I got my first glimpse of hope and truth, running into Grantly's website. The blasphemous thoughts did completely go away. I have 0 blasphemous thoughts, it just never happens. So don't even let anyone tell you it is something you will have to deal with, you can be healed from those things. But what happened with me was that the fear and anxiety continued so fiercely for such a long time, that when the thoughts went away, I was left with this intense fear, shame, guilt thing. I would go into full blown anxiety attacks hearing someone talk about God, reading the Bible, looking at a picture of the cross or Jesus. It was like my whole mind was re-routed to react with fear to anything God

I thought, if I am truely born again why would I feel this way. Which is a lie, because even born again Christian go through this. If you don't believe me read the book of psalms, and read about how Asaph, one of the 3 Psalmists of Israel almost gave up on his faith. Or read about King David and what he wrote in psalms after he committed horrible sins. Read about John the Baptists after he had been in prison waiting to get his head cut off, or how Peter felt after he betrayed the Lord. Anyways don't let the enemy tell you that what you are feeling, means you must not be a true Christian. That is simply a lie.

So to really start getting through this and seeing huge results is first you have to stop falling for lies. That is anything that goes against what the Bible says. Basically if you have any thought that questions your salvation, don't believe it or even entertain it. If you have accepted Christ into your life, you can rest assured that as long as you are looking to Jesus (no matter how feeble the effort may seem to you), you are saved and on your way to heaven. So when you get a thought and think "I must be evil", "I must be possessed", "these blasphemies will never be forgiven", "God has left me", "it will never be the same again", you cannot continue to entertain those thoughts. As long as you do, you won't be able to make forward progress. You simple cannot believe lies, and at the same time expect God to be able to move on your situation. How will God be able to heal your mind and fill you with peace, if you keep thinking your unsaved and going to hell. It may take months before you finally get those truths in your Spirit man, but when you do, it will make you so firm in your faith, and you will begin to see major healing.

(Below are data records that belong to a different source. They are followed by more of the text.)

lemma order_rank_unique:
  assumes bij: "bij_betw f A {1..m}"
    and less_iff: "\<forall>a\<in>A. \<forall>b\<in>A. R a b \<longleftrightarrow> f a < f b" and "a \<in> A"
  shows "f a = order_rank R A a"
proof -
  have image: "f ` A = {1..m}" and inj: "inj_on f A"
    using bij by (auto simp: bij_betw_def)
  have "f a \<in> {1..m}"
    using image \<open>a \<in> A\<close> by blast
  have "card {b \<in> A. R b a} = card (f ` {b \<in> A. R b a})"
    using inj by (simp add: card_image inj_on_subset)
  also have "f ` {b \<in> A. R b a} = {b \<in> f ` A. b < f a}"
    using less_iff \<open>a \<in> A\<close> by auto
  also have "\<dots> = {1..<f a}"
    using image \<open>f a \<in> {1..m}\<close> by auto
  finally show ?thesis
    using \<open>f a \<in> {1..m}\<close> unfolding order_rank_def by simp
qed

section \<open>The level orders\<close>

lemma ord_lt_irrefl: "\<not> ord_lt D i a a"
  by (induction i arbitrary: a) auto

lemma ord_lt_trans: "ord_lt D i a b \<Longrightarrow> ord_lt D i b c \<Longrightarrow> ord_lt D i a c"
  by (induction i arbitrary: a b c) auto

lemma simple_diagram_vmap_in:
  "simple_diagram k D \<Longrightarrow> i \<in> {1..k} \<Longrightarrow> a \<in> {1..ell D i} \<Longrightarrow> vmap D i a \<in> {1..ell D (i - 1)}"
  unfolding simple_diagram_def by blast

lemma ord_lt_total:
  assumes "simple_diagram k D" "i \<le> k" "a \<in> {1..ell D i}" "b \<in> {1..ell D i}" "a \<noteq> b"
  shows "ord_lt D i a b \<or> ord_lt D i b a"
  using assms(2-)
proof (induction i arbitrary: a b)
  case 0
  then show ?case using assms(1) by (auto simp: simple_diagram_def)
next
  case (Suc j)
  have "vmap D (Suc j) a \<in> {1..ell D j}" "vmap D (Suc j) b \<in> {1..ell D j}"
    using simple_diagram_vmap_in[OF assms(1)] Suc.prems by fastforce+
  with Suc show ?case by (cases "vmap D (Suc j) a = vmap D (Suc j) b") auto
qed

lemma ord_lt_globular:
  assumes "globular_diagram k E" "i \<le> k" "a \<in> {1..ell E i}" "b \<in> {1..ell E i}"
  shows "ord_lt E i a b \<longleftrightarrow> a < b"
  using assms(2-)
proof (induction i arbitrary: a b)
  case (Suc j)
  have simple: "simple_diagram k E" and mono:
    "\<And>x y. x \<in> {1..ell E (Suc j)} \<Longrightarrow> y \<in> {1..ell E (Suc j)} \<Longrightarrow> x \<le> y \<Longrightarrow>
       vmap E (Suc j) x \<le> vmap E (Suc j) y"
    using assms(1) Suc.prems(1) unfolding globular_diagram_def by auto
  have "vmap E (Suc j) a \<in> {1..ell E j}" "vmap E (Suc j) b \<in> {1..ell E j}"
    using simple_diagram_vmap_in[OF simple] Suc.prems by fastforce+
  with Suc.IH Suc.prems have "ord_lt E (Suc j) a b \<longleftrightarrow>
      vmap E (Suc j) a < vmap E (Suc j) b \<or> (vmap E (Suc j) a = vmap E (Suc j) b \<and> a < b)"
    by simp
  also have "\<dots> \<longleftrightarrow> a < b"
    using mono[of a b] mono[of b a] Suc.prems by (cases "a < b") auto
  finally show ?case .
qed (use assms(1) in \<open>simp add: globular_diagram_def simple_diagram_def\<close>)

section \<open>The normal form\<close>

abbreviation level_rank :: "diagram \<Rightarrow> nat \<Rightarrow> nat \<Rightarrow> nat" where
  "level_rank D i \<equiv> order_rank (ord_lt D i) {1..ell D i}"

lemma
  assumes "simple_diagram k D" "i \<le> k"
  shows bij_betw_level_rank: "bij_betw (level_rank D i) {1..ell D i} {1..ell D i}"
    and level_rank_less_iff: "\<lbrakk>a \<in> {1..ell D i}; b \<in> {1..ell D i}\<rbrakk> \<Longrightarrow>
      level_rank D i a < level_rank D i b \<longleftrightarrow> ord_lt D i a b"
  using bij_betw_order_rank[of "{1..ell D i}" "ord_lt D i"]
    order_rank_less_iff[of "{1..ell D i}" "ord_lt D i"]
  by (simp_all add: ord_lt_irrefl ord_lt_trans ord_lt_total[OF assms])

definition rank_diagram :: "nat \<Rightarrow> diagram \<Rightarrow> diagram" where
  "rank_diagram k D =
    (\<lambda>i. if i \<le> k then ell D i else 0,
     \<lambda>i c. if 1 \<le> i \<and> i \<le> k \<and> c \<in> {1..ell D i}
       then level_rank D (i - 1) (vmap D i (inv_into {1..ell D i} (level_rank D i) c)) else 0)"

lemma ell_rank_diagram: "ell (rank_diagram k D) i = (if i \<le> k then ell D i else 0)"
  by (simp add: rank_diagram_def ell_def)

lemma vmap_rank_diagram: "vmap (rank_diagram k D) i c =
    (if 1 \<le> i \<and> i \<le> k \<and> c \<in> {1..ell D i}
     then level_rank D (i - 1) (vmap D i (inv_into {1..ell D i} (level_rank D i) c)) else 0)"
  by (simp add: rank_diagram_def vmap_def)

lemma vmap_rank_diagram_level_rank:
  assumes "simple_diagram k D" "i \<in> {1..k}" "a \<in> {1..ell D i}"
  shows "vmap (rank_diagram k D) i (level_rank D i a) = level_rank D (i - 1) (vmap D i a)"
proof -
  have bij: "bij_betw (level_rank D i) {1..ell D i} {1..ell D i}"
    using bij_betw_level_rank assms by simp
  then have "level_rank D i a \<in> {1..ell D i}"
    using assms(3) by (rule bij_betw_apply)
  moreover have "inv_into {1..ell D i} (level_rank D i) (level_rank D i a) = a"
    using bij_betw_imp_inj_on[OF bij] assms(3) by (rule inv_into_f_f)
  ultimately show ?thesis
    using assms(2) by (simp add: vmap_rank_diagram)
qed

lemma diagram_iso_rank_diagram:
  assumes "simple_diagram k D"
  shows "diagram_iso k D (rank_diagram k D) (level_rank D)"
  unfolding diagram_iso_def
  using bij_betw_level_rank[OF assms] level_rank_less_iff[OF assms]
    vmap_rank_diagram_level_rank[OF assms]
  by (simp add: ell_rank_diagram)

lemma rank_diagram_level_obtain:
  assumes "simple_diagram k D" "i \<le> k" "c \<in> {1..ell (rank_diagram k D) i}"
  obtains a where "a \<in> {1..ell D i}" "c = level_rank D i a"
proof -
  have "c \<in> level_rank D i ` {1..ell D i}"
    using bij_betw_imp_surj_on[OF bij_betw_level_rank[OF assms(1,2)]] assms(2,3)
    by (simp add: ell_rank_diagram)
  then show ?thesis
    using that by blast
qed

lemma simple_rank_diagram:
  assumes simple: "simple_diagram k D"
  shows "simple_diagram k (rank_diagram k D)"
  unfolding simple_diagram_def
proof (intro conjI ballI)
  show "ell (rank_diagram k D) 0 = 1"
    using simple by (simp add: ell_rank_diagram simple_diagram_def)
next
  fix i c assume i: "i \<in> {1..k}" and "c \<in> {1..ell (rank_diagram k D) i}"
  then obtain a where a: "a \<in> {1..ell D i}" "c = level_rank D i a"
    using rank_diagram_level_obtain[OF simple] by auto
  have "vmap D i a \<in> {1..ell D (i - 1)}"
    using simple i a(1) by (rule simple_diagram_vmap_in)
  then have "level_rank D (i - 1) (vmap D i a) \<in> {1..ell D (i - 1)}"
    using i by (intro bij_betw_apply[OF bij_betw_level_rank[OF simple]]) auto
  then show "vmap (rank_diagram k D) i c \<in> {1..ell (rank_diagram k D) (i - 1)}"
    using vmap_rank_diagram_level_rank[OF simple i a(1)] a(2) i by (auto simp: ell_rank_diagram)
qed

If you don't know if a thought is true, just test it and if it causes you to feel condemnation, or points to you losing your salvation, or makes you feel anxiety, you automatically know it is not of God. At that point you need to do 1 of 2 things. Just move onto something else and don't even think about it. Or memorize Bible verses and counter act the lie, with a truth from Gods Word. I actually do both, if I am with a group of people, I can't be sitting their repeating verses in my head. If anxiety comes and my mind starts racing, I will simple ignore it and it will leave my mind. That took lots of practice to be able to do. Or when I am alone I speak Gods Word, and I can feel it literally changing my mind and emotions.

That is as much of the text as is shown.